Capa, em 1936, registrando a Guerra Civil Espanhola.

Por Carlos Ávila

“Enquanto me barbeava, tive uma conversa comigo mesmo sobre a incompatibilidade de ser repórter e ter uma alma sensível ao mesmo tempo” – observa, com precisão, Robert Capa (1913/1954), no seu livro de memórias da Segunda Guerra Mundial: “Ligeiramente fora de foco” (já traduzido e editado no Brasil).

Fotógrafo-repórter, Capa cobriu cinco guerras, registrando de perto a violência e o sofrimento: a Guerra Civil Espanhola (1936/39), a invasão japonesa na China (no ano de1938), a Segunda Guerra Mundial no norte da África e na Europa (de 1941 a 45), a primeira guerra árabe-israelense (1948) e, finalmente, a guerra na Indochina francesa (1954) – onde pisou numa mina terrestre e morreu.

A Caixa Cultural em São Paulo apresentou, recentemente, uma exposição com imagens inéditas de Capa, feitas na Guerra Espanhola (o conflito está completando 80 anos); na mostra havia também fotos de David Seymour e de Gerda Taro (a companheira de Capa que foi esmagada por um tanque, quando cobria uma batalha a oeste de Madrid – apaixonado por Gerda, o fotógrafo ia se casar com ela e nunca se recuperou completamente dessa tragédia). As fotos da exposição foram selecionadas entre cerca de 4.500 negativos que estavam desaparecidos e foram redescobertos no México.

Falar de Capa é se lembrar de suas imagens impactantes e tocantes (espalhadas por diversas publicações, livros e museus); de seu livro-depoimento sobre a 2ª Guerra – prosa simples e direta – onde relata as adversidades para realizar seu trabalho fotográfico e as situações perigosas e chocantes que enfrentou: “Nem sempre é fácil ficar de lado e não poder fazer nada além de registrar o sofrimento à sua volta”.

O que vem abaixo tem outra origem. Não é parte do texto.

(* Let $S_1,S_2\in\mathbb S^{d\times d}$ and let $\Sigma_1,\Sigma_2$ be symmetric $d\times d$ matrices with $0\prec\sigma_{i,d}I_d\preceq\Sigma_i\preceq\sigma_{i,1}I_d$ for $i=1,2$. Then $$\langle\Sigma_1(S_1-S_2)\Sigma_2,S_1-S_2\rangle\ \ge\ \frac{\sigma_{1,1}\sigma_{2,1}\sigma_{1,d}\sigma_{2,d}}{\sigma_{1,1}\sigma_{2,1}+\sigma_{1,d}\sigma_{2,d}}\|S_1-S_2\|_F^2+\frac{\|\Sigma_1(S_1-S_2)\Sigma_2+\Sigma_2(S_1-S_2)\Sigma_1\|_F^2}{4(\sigma_{1,1}\sigma_{2,1}+\sigma_{1,d}\sigma_{2,d})}.$$
   Context: $\mathbb S^{d\times d}$ is the set of symmetric $d\times d$ matrices, $\langle A,B\rangle=\mathrm{tr}(A^{\mathrm T}B)$, $\|\cdot\|_F$ the Frobenius norm, and $A\preceq B$ means $B-A$ is positive semidefinite. *)

theory Defs
  imports "HOL-Analysis.Analysis"
begin

definition symmetric_mat :: "real^'n^'n \<Rightarrow> bool" where
  "symmetric_mat A \<longleftrightarrow> transpose A = A"

definition psd :: "real^'n^'n \<Rightarrow> bool" where
  "psd M \<longleftrightarrow> symmetric_mat M \<and> (\<forall>x. 0 \<le> x \<bullet> (M *v x))"

definition loewner_le :: "real^'n^'n \<Rightarrow> real^'n^'n \<Rightarrow> bool" where
  "loewner_le A B \<longleftrightarrow> psd (B - A)"

definition frob_inner :: "real^'n^'n \<Rightarrow> real^'n^'n \<Rightarrow> real" where
  "frob_inner A B = trace (transpose A ** B)"

definition frob_norm :: "real^'n^'n \<Rightarrow> real" where
  "frob_norm A = sqrt (frob_inner A A)"

end

theory Submission
  imports Defs
begin

(* On matrices with the Frobenius inner product, the symmetrised sandwich
   T Y = (Sig1 Y Sig2 + Sig2 Y Sig1) / 2 is self-adjoint, and
   m |Y|^2 \<le> <T Y, Y> \<le> M |Y|^2 with m = s1d s2d and M = s11 s21, because
   <P Y Q, Y> = tr ((Y^T P Y) Q) \<ge> 0 for positive semidefinite P, Q (write P as a sum of
   rank-one matrices v v^T). For such an operator (T - m)(M - T) \<ge> 0, that is
   |T X|^2 + m M |X|^2 \<le> (m + M) <T X, X>. For symmetric X = S1 - S2 we have
   <T X, X> = <Sig1 X Sig2, X>, and dividing by m + M gives the inequality. *)

lemma quadratic_nonneg_imp_discriminant_le:
  fixes p q r :: real
  assumes nonneg: "\<And>l. 0 \<le> p + 2*l*q + l^2*r" and "0 \<le> r"
  shows "q^2 \<le> p*r"
proof (cases "r = 0")
  case True
  have "q = 0"
  proof (rule ccontr)
    assume "q \<noteq> 0"
    moreover have "0 \<le> p + 2*(-(p+1)/(2*q))*q + (-(p+1)/(2*q))^2*r" by (rule nonneg)
    ultimately show False using True by (simp add: field_simps)
  qed
  then show ?thesis using True by simp
next
  case False
  with \<open>0 \<le> r\<close> have "r > 0" by simp
  have "0 \<le> p + 2*(-q/r)*q + (-q/r)^2*r" by (rule nonneg)
  then have "0 \<le> p - q^2/r" using \<open>r > 0\<close> by (simp add: field_simps power2_eq_square)
  then show ?thesis using \<open>r > 0\<close> by (simp add: field_simps)
qed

Capa criou, espontaneamente, uma estética (ou antiestética) da foto de guerra – somando coragem e sensibilidade, improviso e criatividade: “Se suas fotos ainda não estão boas o suficiente, é porque você ainda não está perto o suficiente” – dizia aconselhando os companheiros de profissão. Muitas vezes, para Capa, a questão não era “de foco”, mas de percepção: o que deveria ser imediatamente captado pela câmera (remember sua famosa foto do soldado espanhol sendo atingido por um tiro, largando sua arma e morrendo de braços abertos).

A edição brasileira de “Ligeiramente fora de foco” (SP, Cosac Naify, 2010) é recheada de imagens feitas por Capa – inclusive as históricas fotos do Dia D, em 44, na Normandia (norte da França): algo desfocadas; registradas no desembarque na praia, em meio ao tiroteio das baterias de defesa alemãs. Vertigem visual.

Antes, em outubro de 43, Capa fotografou o enterro de vinte adolescentes do Liceo Sannazaro, no distrito de Vómero, na Itália (um pobre e improvisado caixão de madeira, sendo carregado; o choro e o desespero das mães); ali, sob o comando de um professor da escola, os jovens enfrentaram os alemães durante quatro dias.

Capa: “Tirei o chapéu e peguei minha câmara. Apontei a lente para o rosto das mulheres prostradas, que carregavam pequenas fotos de seus filhos mortos, até os caixões serem finalmente levados embora. Aquelas eram as minhas fotos de vitória mais verdadeiras, as que tirei naquele simples funeral numa escola”.

Segundo Cornell Capa (irmão do fotógrafo e que também foi fotojornalista), “Capa assumiu o encargo de registrar o inferno que o homem criou para si próprio: a guerra”. Fotos-verdade. Cruas e duras.